Example 2: Data Processing Pipeline

from dataclasses import dataclass
from typing import List
import pandas as pd
from aiecs.common.knowledge_graph import Runnable, RunnableConfig

@dataclass
class DataProcessorConfig(RunnableConfig):
    input_path: str = ""
    output_path: str = ""
    batch_size: int = 1000
    max_retries: int = 3

class DataProcessor(Runnable[DataProcessorConfig, int]):
    """Process large datasets in batches"""

    async def _setup(self) -> None:
        # Load data
        self.df = pd.read_csv(self.config.input_path)
        self.processed_count = 0

    async def _execute(self, transform_fn=None) -> int:
        # Process in batches
        for i in range(0, len(self.df), self.config.batch_size):
            batch = self.df.iloc[i:i + self.config.batch_size]

            if transform_fn:
                batch = transform_fn(batch)

            self.processed_count += len(batch)

        return self.processed_count

    async def _teardown(self) -> None:
        # Save results
        if hasattr(self, 'df'):
            self.df.to_csv(self.config.output_path, index=False)

# Usage
async def main():
    config = DataProcessorConfig(
        input_path="data.csv",
        output_path="processed.csv",
        batch_size=5000
    )

    def clean_data(df):
        return df.dropna().drop_duplicates()

    async with DataProcessor(config) as processor:
        count = await processor.run(transform_fn=clean_data)
        print(f"Processed {count} records")

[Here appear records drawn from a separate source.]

lemma vector_matrix_mexp_C1:
  fixes N :: "real^'n^'n" and r :: "real^'n" and E :: "real^'p^'n"
  obtains \<Phi>' where "\<And>s. ((\<lambda>s. r v* (mexp (s *\<^sub>R N) ** E)) has_vector_derivative \<Phi>' s) (at s)"
    and "continuous_on UNIV \<Phi>'"
proof -
  define e' where "e' i q s = (\<Sum>k. diffs (\<lambda>k. mpow N k $ i $ q / fact k) k * s ^ k)" for i q s
  have expand: "r v* (M ** E) = (\<Sum>i\<in>UNIV. \<Sum>q\<in>UNIV. (r $ i * M $ i $ q) *\<^sub>R E $ q)" for M :: "real^'n^'n"
    by (simp add: vec_eq_iff vector_matrix_mult_def matrix_matrix_mult_def sum_component
        sum_distrib_left mult_ac)
  show ?thesis
  proof (rule that)
    fix s
    show "((\<lambda>s. r v* (mexp (s *\<^sub>R N) ** E)) has_vector_derivative
            (\<Sum>i\<in>UNIV. \<Sum>q\<in>UNIV. (r $ i * e' i q s) *\<^sub>R E $ q)) (at s)"
    proof -
      have "((\<lambda>s. (r $ i * mexp (s *\<^sub>R N) $ i $ q) *\<^sub>R E $ q) has_vector_derivative
              (r $ i * e' i q s) *\<^sub>R E $ q) (at s)" for i q
        using has_vector_derivative_scaleR[OF DERIV_cmult[OF mexp_entry_has_derivative]
            has_vector_derivative_const] by (simp add: e'_def)
      then show ?thesis
        unfolding expand by (intro has_vector_derivative_sum)
    qed
  next
    show "continuous_on UNIV (\<lambda>s. \<Sum>i\<in>UNIV. \<Sum>q\<in>UNIV. (r $ i * e' i q s) *\<^sub>R E $ q)"
      unfolding e'_def
      by (intro continuous_intros continuous_mexp_entry_derivative)
  qed
qed

lemma phi_C1:
  obtains \<Phi>' where "\<And>s. (phi D a g A B C K has_vector_derivative \<Phi>' s) (at s)"
    and "continuous_on UNIV \<Phi>'"
proof -
  have "phi D a g A B C K = (\<lambda>s. (\<chi> i. case i of Inl p \<Rightarrow> C $ p
                       | Inr p \<Rightarrow> (K - (1 / D) *\<^sub>R ((C \<bullet> B) *\<^sub>R C)) $ p) v*
        (mexp (s *\<^sub>R matN1 D a g A B C) **
         ((\<chi> i j. case i of Inl p \<Rightarrow> (mat 1 :: real^2^2) $ p $ j | Inr p \<Rightarrow> 0) :: real^2^(2+2))))"
    by (simp add: fun_eq_iff phi_def Let_def)
  then show ?thesis
    using vector_matrix_mexp_C1 that by metis
qed

lemma Fterm_bound:
  obtains CF where "CF \<ge> 0"
    and "\<And>L x X. 0 \<le> x \<Longrightarrow> x \<le> L \<Longrightarrow> L \<le> lbar \<Longrightarrow> \<bar>Fterm D a g A B C K L x X\<bar> \<le> CF * norm X"
proof -
  obtain \<Phi>' where \<Phi>': "\<And>s. (phi D a g A B C K has_vector_derivative \<Phi>' s) (at s)"
    and cont_\<Phi>': "continuous_on UNIV \<Phi>'"
    using phi_C1 by blast
  define h where "h s = \<Phi>' s + ((1 / D) * (phi D a g A B C K s \<bullet> B)) *\<^sub>R C" for s
  have cont_phi: "continuous_on UNIV (phi D a g A B C K)"
    using \<Phi>' by (meson continuous_at_imp_continuous_on has_vector_derivative_continuous)
  have "continuous_on {-lbar..0} h"
    unfolding h_def
    by (intro continuous_intros continuous_on_subset[OF cont_\<Phi>'] continuous_on_subset[OF cont_phi]) auto
  then have "bounded (h ` {-lbar..0})"
    by (intro compact_imp_bounded compact_continuous_image) auto
  then obtain CF where CF: "\<And>s. s \<in> {-lbar..0} \<Longrightarrow> norm (h s) \<le> CF"
    unfolding bounded_iff by blast
  show ?thesis
  proof (rule that[of "\<bar>CF\<bar>"])
    fix L x X assume "0 \<le> x" "x \<le> L" "L \<le> lbar"
    then have "norm (h (x - L)) \<le> \<bar>CF\<bar>"
      using CF[of "x - L"] by auto
    moreover have "Fterm D a g A B C K L x X = h (x - L) \<bullet> X"
      by (simp add: Fterm_def kker_def h_def vector_derivative_at[OF \<Phi>'])
    ultimately show "\<bar>Fterm D a g A B C K L x X\<bar> \<le> \<bar>CF\<bar> * norm X"
      by (metis Cauchy_Schwarz_ineq2 mult_right_mono norm_ge_zero order_trans)
  qed simp
qed

section \<open>Differentiating integrals over a moving domain\<close>

lemma has_real_derivative_within_iff_approx:
  "(f has_real_derivative f') (at t within S) \<longleftrightarrow>
     (\<forall>e>0. \<exists>d>0. \<forall>s\<in>S. \<bar>s - t\<bar> < d \<longrightarrow> \<bar>f s - f t - (s - t) * f'\<bar> \<le> e * \<bar>s - t\<bar>)"
  by (simp add: has_field_derivative_def has_derivative_within_alt bounded_linear_mult_right mult.commute)

lemma has_real_derivative_within_localize:
  assumes "(f has_real_derivative f') (at t within S)" "d > 0" "\<And>s. s \<in> T \<Longrightarrow> \<bar>s - t\<bar> < d \<Longrightarrow> s \<in> S"
  shows "(f has_real_derivative f') (at t within T)"
  unfolding has_real_derivative_within_iff_approx
proof (intro allI impI)
  fix e :: real assume "e > 0"
  then obtain d' where "d' > 0" "\<forall>s\<in>S. \<bar>s - t\<bar> < d' \<longrightarrow> \<bar>f s - f t - (s - t) * f'\<bar> \<le> e * \<bar>s - t\<bar>"
    using assms(1) unfolding has_real_derivative_within_iff_approx by blast
  then show "\<exists>d>0. \<forall>s\<in>T. \<bar>s - t\<bar> < d \<longrightarrow> \<bar>f s - f t - (s - t) * f'\<bar> \<le> e * \<bar>s - t\<bar>"
    using assms(2,3) by (intro exI[of _ "min d d'"]) auto
qed

lemma has_real_derivative_imp_local_lipschitz:
  assumes "(f has_real_derivative f') (at t within S)"
  obtains d where "d > 0" "\<And>s. s \<in> S \<Longrightarrow> \<bar>s - t\<bar> < d \<Longrightarrow> \<bar>f s - f t\<bar> \<le> (\<bar>f'\<bar> + 1) * \<bar>s - t\<bar>"
proof -
  obtain d where d: "d > 0" "\<forall>s\<in>S. \<bar>s - t\<bar> < d \<longrightarrow> \<bar>f s - f t - (s - t) * f'\<bar> \<le> 1 * \<bar>s - t\<bar>"
    using assms unfolding has_real_derivative_within_iff_approx by (meson zero_less_one)
  have "\<bar>f s - f t\<bar> \<le> (\<bar>f'\<bar> + 1) * \<bar>s - t\<bar>" if "s \<in> S" "\<bar>s - t\<bar> < d" for s
  proof -
    have "\<bar>f s - f t\<bar> \<le> \<bar>f s - f t - (s - t) * f'\<bar> + \<bar>s - t\<bar> * \<bar>f'\<bar>"
      using abs_triangle_ineq[of "f s - f t - (s - t) * f'" "(s - t) * f'"] by (simp add: abs_mult)
    moreover have "\<bar>f s - f t - (s - t) * f'\<bar> \<le> \<bar>s - t\<bar>"
      using d(2) that by simp
    moreover have "(\<bar>f'\<bar> + 1) * \<bar>s - t\<bar> = \<bar>s - t\<bar> * \<bar>f'\<bar> + \<bar>s - t\<bar>"
      by (simp add: algebra_simps)
    ultimately show ?thesis by linarith
  qed
  with d(1) show ?thesis using that by blast
qed

lemma at_within_Ici_nontrivial:
  assumes "0 \<le> (t::real)"
  shows "at t within {0..} \<noteq> bot"
proof -
  have "at t within {t<..} \<le> at t within {0..}"
    using assms by (intro at_le) auto
  then show ?thesis
    using trivial_limit_at_right_real[of t] by (auto simp: bot_unique)
qed

lemma increment_bound_by_derivative_oscillation:
  fixes g g' :: "real \<Rightarrow> real"
  assumes "\<And>r. r \<in> {min t s..max t s} \<Longrightarrow> (g has_real_derivative g' r) (at r within {min t s..max t s})"
    and "\<And>r. r \<in> {min t s..max t s} \<Longrightarrow> \<bar>g' r - g' t\<bar> \<le> e"
  shows "\<bar>g s - g t - (s - t) * g' t\<bar> \<le> e * \<bar>s - t\<bar>"
proof -
  have deriv: "((\<lambda>r. g r - r * g' t) has_real_derivative g' r - 1 * g' t) (at r within {min t s..max t s})"
    if "r \<in> {min t s..max t s}" for r
    by (rule DERIV_diff[OF assms(1)[OF that] DERIV_cmult_right[OF DERIV_ident]])
  have "norm ((\<lambda>r. g r - r * g' t) s - (\<lambda>r. g r - r * g' t) t) \<le> e * norm (s - t)"
    by (rule field_differentiable_bound[OF _ deriv]) (use assms(2) in auto)
  then show ?thesis by (simp add: algebra_simps)
qed

lemma integral_close_to_const:
  fixes h :: "real \<Rightarrow> real"
  assumes "a \<le> b" "continuous_on {a..b} h" "\<And>y. y \<in> {a..b} \<Longrightarrow> \<bar>h y - c\<bar> \<le> e"
  shows "\<bar>integral {a..b} h - (b - a) * c\<bar> \<le> e * (b - a)"
proof -
  have "integral {a..b} h - (b - a) * c = integral {a..b} (\<lambda>y. h y - c)"
    using assms(1)
    by (simp add: integral_diff[OF integrable_continuous_real[OF assms(2)] integrable_const_ivl] content_real)
  also have "norm \<dots> \<le> e * (b - a)"
    by (rule integral_bound) (use assms in \<open>auto intro: continuous_intros\<close>)
  finally show ?thesis by simp
qed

Example 3: Knowledge Graph Builder Component

from dataclasses import dataclass
from typing import Dict, Any
from aiecs.common.knowledge_graph import Runnable, RunnableConfig
from aiecs.infrastructure.graph_storage import InMemoryGraphStore
from aiecs.application.knowledge_graph.builder import GraphBuilder

@dataclass
class KGBuilderConfig(RunnableConfig):
    enable_deduplication: bool = True
    enable_linking: bool = True
    max_retries: int = 3
    timeout: float = 300.0

class KGBuilderComponent(Runnable[KGBuilderConfig, Dict[str, Any]]):
    """Knowledge graph builder with robust error handling"""

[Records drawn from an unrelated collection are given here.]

theorem Hahn_Banach_sublinear:
  fixes p :: "'a::real_vector \<Rightarrow> real"
  assumes sub: "\<And>x y. p (x + y) \<le> p x + p y"
    and hom: "\<And>c x. c \<ge> 0 \<Longrightarrow> p (c *\<^sub>R x) = c * p x"
    and "a \<le> p x0" and "- a \<le> p (- x0)"
  shows "\<exists>F. linear F \<and> F x0 = a \<and> (\<forall>x. F x \<le> p x)"
proof -
  define B where "B = {(t *\<^sub>R x0, t * a) | t. True}"
  have "dominated_graph p x0 a B"
    unfolding dominated_graph_def
  proof (intro conjI allI impI)
    show "(x0, a) \<in> B" unfolding B_def by (auto intro: exI[of _ 1])
  next
    fix x u v assume "(x, u) \<in> B" "(x, v) \<in> B"
    then obtain t s where "x = t *\<^sub>R x0" "u = t * a" "x = s *\<^sub>R x0" "v = s * a"
      unfolding B_def by blast
    moreover have "a = 0" if "x0 = 0" using assms(3,4) hom[of 0 0] that by simp
    ultimately show "u = v" by (cases "x0 = 0") auto
  next
    fix x u y v assume "(x, u) \<in> B" "(y, v) \<in> B"
    then show "(x + y, u + v) \<in> B"
      unfolding B_def by (auto simp: algebra_simps intro: exI[of _ "_ + _"])
  next
    fix c x u assume "(x, u) \<in> B"
    then show "(c *\<^sub>R x, c * u) \<in> B" unfolding B_def by (auto intro: exI[of _ "c * _"])
  next
    fix x u assume "(x, u) \<in> B"
    then obtain t where x: "x = t *\<^sub>R x0" "u = t * a" unfolding B_def by blast
    show "u \<le> p x"
    proof (cases "t \<ge> 0")
      case True
      then show ?thesis using x hom[OF True, of x0] assms(3) by (simp add: mult_left_mono)
    next
      case False
      then have "(-t) * (-a) \<le> (-t) * p (- x0)" using assms(4) by (intro mult_left_mono) auto
      then show ?thesis using x hom[of "-t" "-x0"] False by simp
    qed
  qed
  then obtain M where M: "dominated_graph p x0 a M"
    and max: "\<And>G. dominated_graph p x0 a G \<Longrightarrow> M \<subseteq> G \<Longrightarrow> G = M"
    using subset_Zorn_nonempty[of "{G. dominated_graph p x0 a G}"] dominated_graph_Union_chain
    by (metis (mono_tags, lifting) empty_Collect_eq mem_Collect_eq)
  have total: "\<exists>u. (x, u) \<in> M" for x
    using dominated_graph_extend[OF sub hom M, of x] max by blast
  have functional: "\<And>x u v. (x, u) \<in> M \<Longrightarrow> (x, v) \<in> M \<Longrightarrow> u = v"
   and add: "\<And>x u y v. (x, u) \<in> M \<Longrightarrow> (y, v) \<in> M \<Longrightarrow> (x + y, u + v) \<in> M"
   and scale: "\<And>c x u. (x, u) \<in> M \<Longrightarrow> (c *\<^sub>R x, c * u) \<in> M"
   and dom: "\<And>x u. (x, u) \<in> M \<Longrightarrow> u \<le> p x"
   and x0: "(x0, a) \<in> M"
    using M unfolding dominated_graph_def by blast+
  define F where "F x = (THE u. (x, u) \<in> M)" for x
  have FM: "(x, F x) \<in> M" for x
    unfolding F_def by (rule theI') (use total[of x] functional in blast)
  have F_eq: "(x, u) \<in> M \<Longrightarrow> F x = u" for x u by (rule functional[OF FM])
  have "linear F"
    by (rule linearI) (use F_eq[OF add[OF FM FM]] F_eq[OF scale[OF FM]] in auto)
  then show ?thesis using F_eq[OF x0] dom[OF FM] by blast
qed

    async def _setup(self) -> None:
        # Initialize graph store
        self.graph_store = InMemoryGraphStore()
        await self.graph_store.initialize()

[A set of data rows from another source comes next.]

lemma rot_e_cong:
  assumes "reduced p t w" and "0 < t" and "tl_syl True w \<noteq> []" and "rot_e t i w = rot_e t j w"
  shows "[i = j] (mod t)"
proof -
  have "hd_exp True (rot_e t i w) = hd_exp True (rot_e t j w)"
    using assms(4) by simp
  then have "[hd_exp True w + i = hd_exp True w + j] (mod t)"
    using assms(1-3) shift_syl(2)[of p t w True] by (simp add: rot_e_def cong_def)
  then show ?thesis by (simp add: cong_add_lcancel_nat)
qed

section \<open>The action on cosets\<close>

definition coset_space :: "nat \<Rightarrow> nat \<Rightarrow> nat \<Rightarrow> (syllables \<times> nat) set" where
  "coset_space p q t = {(w, r). reduced p t w \<and> r < q}"

definition step_u :: "nat \<Rightarrow> syllables \<times> nat \<Rightarrow> syllables \<times> nat" where
  "step_u p = (\<lambda>(w, r). (shift_syl p False 1 w, r))"

(* The other generator v acts through a counter modulo q that carries into rot_e, so that
   v^q acts on the word component as e. *)
definition step_v :: "nat \<Rightarrow> nat \<Rightarrow> syllables \<times> nat \<Rightarrow> syllables \<times> nat" where
  "step_v q t = (\<lambda>(w, r). if Suc r < q then (w, Suc r) else (rot_e t 1 w, 0))"

lemma step_u_funpow:
  assumes "reduced p t w" and "0 < p"
  shows "(step_u p ^^ k) (w, r) = (shift_syl p False k w, r)"
proof (induction k)
  case 0
  show ?case using shift_syl_dvd[OF assms(1), of False 0] by simp
next
  case (Suc k)
  then show ?case using shift_syl_add[OF assms(1), of False 1 k] assms(2) by (simp add: step_u_def)
qed

lemma step_v_full_turn:
  assumes "reduced p t w" and "r < q"
  shows "(step_v q t ^^ q) (w, r) = (rot_e t 1 w, r)"
proof -
  have climb: "(step_v q t ^^ k) (w', r') = (w', r' + k)" if "r' + k < q" for k w' r'
    using that by (induction k) (simp_all add: step_v_def)
  have "(step_v q t ^^ (q - r)) (w, r) = step_v q t ((step_v q t ^^ (q - r - 1)) (w, r))"
    using assms(2) by (metis Suc_diff_Suc diff_Suc_1 funpow.simps(2) o_apply diff_Suc_eq_diff_pred)
  also have "\<dots> = (rot_e t 1 w, 0)"
    using assms(2) climb[of r "q - r - 1" w] by (simp add: step_v_def)
  finally have "(step_v q t ^^ (q - r)) (w, r) = (rot_e t 1 w, 0)" .
  moreover have "(step_v q t ^^ q) (w, r) = (step_v q t ^^ r) ((step_v q t ^^ (q - r)) (w, r))"
    using assms(2) by (metis funpow_add le_add_diff_inverse less_imp_le o_apply)
  ultimately show ?thesis using climb[of 0 r "rot_e t 1 w"] assms(2) by simp
qed

lemma step_u_closed: "0 < p \<Longrightarrow> step_u p ` coset_space p q t \<subseteq> coset_space p q t"
  using shift_syl(1)[of p t _ False] by (auto simp: step_u_def coset_space_def)

lemma step_v_closed: "0 < t \<Longrightarrow> step_v q t ` coset_space p q t \<subseteq> coset_space p q t"
  using reduced_rot_e by (auto simp: step_v_def coset_space_def split: if_splits)

lemma step_u_Bij:
  assumes "0 < p"
  shows "restrict (step_u p) (coset_space p q t) \<in> Bij (coset_space p q t)"
proof (rule restrict_in_Bij[OF step_u_closed[OF assms]])
  let ?back = "\<lambda>(w, r). (shift_syl p False (p - 1) w, r)"
  show "?back ` coset_space p q t \<subseteq> coset_space p q t"
    using shift_syl(1)[of p t _ False] assms by (auto simp: coset_space_def)
  have "shift_syl p False i (shift_syl p False j w) = w" if "reduced p t w" "i + j = p" for w i j
    using shift_syl_add[of p t w False i j] shift_syl_dvd[of p t w False p] that assms by simp
  then show "?back (step_u p x) = x" "step_u p (?back x) = x" if "x \<in> coset_space p q t" for x
    using that assms by (auto simp: step_u_def coset_space_def)
qed

lemma step_v_Bij:
  assumes "0 < q" and "0 < t"
  shows "restrict (step_v q t) (coset_space p q t) \<in> Bij (coset_space p q t)"
proof (rule restrict_in_Bij[OF step_v_closed[OF assms(2)]])
  let ?back = "\<lambda>(w, r). if 0 < r then (w, r - 1) else (rot_e t (t - 1) w, q - 1)"
  show "?back ` coset_space p q t \<subseteq> coset_space p q t"
    using reduced_rot_e assms by (auto simp: coset_space_def split: if_splits)
  have "rot_e t i (rot_e t j w) = w" if "reduced p t w" "i + j = t" for w i j
    using rot_e_add[of p t w i j] rot_e_dvd[of p t w t] that assms by simp
  then show "?back (step_v q t x) = x" "step_v q t (?back x) = x" if "x \<in> coset_space p q t" for x
    using that assms by (auto simp: step_v_def coset_space_def)
qed

lemma step_v_funpow_mult:
  assumes "reduced p t w" and "r < q" and "0 < t"
  shows "(step_v q t ^^ (q * k)) (w, r) = (rot_e t k w, r)"
proof (induction k)
  case 0
  show ?case using rot_e_dvd[OF assms(1), of 0] by simp
next
  case (Suc k)
  have "(step_v q t ^^ (q * Suc k)) (w, r) = (step_v q t ^^ q) ((step_v q t ^^ (q * k)) (w, r))"
    by (simp add: funpow_add)
  also have "\<dots> = (rot_e t 1 (rot_e t k w), r)"
    using Suc step_v_full_turn[OF reduced_rot_e[OF assms(1,3)] assms(2)] by simp
  finally show ?case using rot_e_add[OF assms(1,3), of 1 k] by simp
qed

lemma step_u_pow_BijGroup:
  assumes "0 < p"
  shows "restrict (step_u p) (coset_space p q t) [^]\<^bsub>BijGroup (coset_space p q t)\<^esub> (p * k)
       = \<one>\<^bsub>BijGroup (coset_space p q t)\<^esub>"
proof -
  have "(step_u p ^^ (p * k)) x = x" if "x \<in> coset_space p q t" for x
    using that step_u_funpow[of p t _ "p * k"] shift_syl_dvd[of p t _ False "p * k"] assms
    by (auto simp: coset_space_def)
  then show ?thesis
    using BijGroup_pow_restrict[OF step_u_closed step_u_Bij] assms by (auto simp: BijGroup_def)
qed

lemma step_v_pow_BijGroup:
  assumes "0 < q" and "0 < t"
  shows "restrict (step_v q t) (coset_space p q t) [^]\<^bsub>BijGroup (coset_space p q t)\<^esub> (q * t)
       = \<one>\<^bsub>BijGroup (coset_space p q t)\<^esub>"
proof -
  have "(step_v q t ^^ (q * t)) x = x" if "x \<in> coset_space p q t" for x
    using that step_v_funpow_mult[of p t _ _ q t] rot_e_dvd[of p t _ t] assms
    by (auto simp: coset_space_def)
  then show ?thesis
    using BijGroup_pow_restrict[OF step_v_closed step_v_Bij] assms by (auto simp: BijGroup_def)
qed

section \<open>The factors A(t) and B(t)\<close>

(* g = False gives the factor A(t), with u = a, z = c and e = d; g = True gives B(t), with
   u = b, z = d and e = c. *)
locale Gmnt_factor =
  fixes m n t :: nat and g :: bool and G (structure)
  defines G_def: "G \<equiv> Gmnt m n t"
  assumes m_gt1: "1 < m" and n_gt1: "1 < n" and t_pos: "0 < t"
begin

sublocale group G
  unfolding G_def by (rule group_Gmnt)

abbreviation p where "p \<equiv> rel_exp m n g"
abbreviation q where "q \<equiv> rel_exp m n (\<not> g)"
abbreviation u where "u \<equiv> gen m n t g"
abbreviation v where "v \<equiv> gen m n t (\<not> g)"
abbreviation z where "z \<equiv> u [^] p"
abbreviation e where "e \<equiv> v [^] q"
abbreviation H where "H \<equiv> Ht m n t"
abbreviation A where "A \<equiv> generate G (insert u H)"
abbreviation Y where "Y \<equiv> coset_space p q t"

lemma p_gt1: "1 < p" and p_pos: "0 < p" and q_pos: "0 < q"
  using m_gt1 n_gt1 by (simp_all add: rel_exp_def)

lemma gen_in_carrier [simp]: "gen m n t h \<in> carrier G"
  by (simp add: G_def gen_def carrier_Gmnt)

lemma gen_pow_order: "gen m n t h [^] (rel_exp m n h * t) = \<one>"
  unfolding G_def gen_def wclass_pow by (rule relator_trivial) (simp add: relators_def rel_exp_def)

lemma u_pow_order: "u [^] (p * t) = \<one>" and e_pow_order: "e [^] t = \<one>" and z_pow_order: "z [^] t = \<one>"
  using gen_pow_order[of g] gen_pow_order[of "\<not> g"] by (simp_all add: nat_pow_pow)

        # Initialize builder
        self.builder = GraphBuilder(
            graph_store=self.graph_store,
            enable_deduplication=self.config.enable_deduplication,
            enable_linking=self.config.enable_linking
        )

    async def _execute(self, text: str, source: str = "unknown") -> Dict[str, Any]:
        # Build graph from text
        result = await self.builder.build_from_text(text, source)

        return {
            "entities_added": result.entities_added,
            "relations_added": result.relations_added,
            "success": result.success,
            "errors": result.errors
        }

    async def _teardown(self) -> None:
        # Cleanup graph store
        if hasattr(self, 'graph_store'):
            # Save state if needed
            pass

# Usage
async def main():
    config = KGBuilderConfig(
        enable_deduplication=True,
        max_retries=5,
        enable_circuit_breaker=True,
        circuit_breaker_threshold=3
    )

    texts = [
        "Alice works at Tech Corp in San Francisco.",
        "Bob is a colleague of Alice at Tech Corp.",
        "Tech Corp is a technology company."
    ]

    async with KGBuilderComponent(config) as builder:
        for i, text in enumerate(texts):
            result = await builder.run(text=text, source=f"doc_{i}")
            print(f"Added {result['entities_added']} entities, "
                  f"{result['relations_added']} relations")

            # Check metrics
            metrics = builder.get_metrics_dict()
            print(f"Duration: {metrics['duration_seconds']:.2f}s")

Summary

The Runnable pattern provides:

Standardized lifecycle - Setup, execute, teardown ✅ Automatic retries - Exponential backoff ✅ Circuit breaker - Fault tolerance ✅ Configuration - Type-safe and validated ✅ Metrics - Built-in monitoring ✅ Clean code - Less boilerplate

Use it to build robust, production-ready async components with minimal effort!